__EXERCISE DIRECTIONS__. Beginning with the line containing "theory Defs" and ending with the last line, repeat the records exactly.

● ● ● ● ● ● ●

(* Let $F$, $G$, $\pi$, $\Pi$ be as in the context, let $\lambda$ be a symmetric Markov measure on $\Sigma_A$ and $\lambda_0=\pi_*\lambda$. If $\mu$ is a physical measure with respect to $G$ and $\lambda$, then $\Pi_*\mu$ is a physical measure with respect to $F$ and $\lambda_0$. Moreover, if $V$ is the basin of $\mu$, then $\Pi(V)$ is contained in the basin of $\Pi_*\mu$.
   Context: $I=[0,1]$, $R(x)=1-x$. $F(\xi,p)=(\sigma(\xi),f_{\xi_0}(p))$ on $\Sigma_N\times I$, $\Sigma_N=\{1,\ldots,N\}^{\mathbb Z}$, with $f_i$ $C^1$-diffeomorphisms onto their images. $\mathcal I_P$ / $\mathcal I_R$: indices of orientation preserving / reversing $f_i$. $A=(a_{ij})_{i,j=1}^{2N}$ with $a_{ij}=1$ if ($i\in\mathcal I_P$, $j\le N$), or ($i\in\mathcal I_R$, $j>N$), or ($i-N\in\mathcal I_P$, $j>N$), or ($i-N\in\mathcal I_R$, $j\le N$), else $0$; $\Sigma_A$ the $A$-admissible sequences in $\{1,\ldots,2N\}^{\mathbb Z}$ with shift $\sigma_A$; $\pi(\omega)_n=\overline{\omega_n}$ ($\overline i=i$ for $i\le N$, $\overline i=i-N$ otherwise). $G(\omega,x)=(\sigma_A(\omega),g_{\omega_0}(x))$ with $g_i=f_i$, $g_{i+N}=R\circ f_i\circ R$ ($i\in\mathcal I_P$), $g_i=R\circ f_i$, $g_{i+N}=f_i\circ R$ ($i\in\mathcal I_R$). $C=\{\omega\colon\omega_0\le N\}$; $\Pi(\omega,x)=(\pi(\omega),x)$ if $\omega\in C$, $(\pi(\omega),R(x))$ otherwise. A Markov measure on $\Sigma_A$ with probability vector $(p_i)$ and stochastic matrix $(P_{ij})$ is symmetric if $p_i=p_{i+N}$, $P_{ij}=P_{(i+N)(j+N)}$, $P_{i(j+N)}=P_{(i+N)j}$ for $i,j\le N$. For a step skew-product $H$ on $\Sigma\times I$ and a Markov measure $\lambda$ on $\Sigma$, an $H$-invariant probability $\mu$ is physical with respect to $H$ and $\lambda$ if its basin $V=\{(\xi,p)\colon\frac1n\sum_{i=0}^{n-1}\varphi(H^i(\xi,p))\to\int\varphi\,d\mu\ \text{for all }\varphi\in C^0(\Sigma\times I)\}$ satisfies $(\lambda\times\mathrm{Leb})(V)>0$. *)

theory Defs
  imports "HOL-Analysis.Analysis" "HOL-Probability.Probability"
begin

● ● ● ● ● ● ●

__SOLUTION FOR THIS EXERCISE__.
theory Defs
  imports "HOL-Analysis.Analysis" "HOL-Probability.Probability"
begin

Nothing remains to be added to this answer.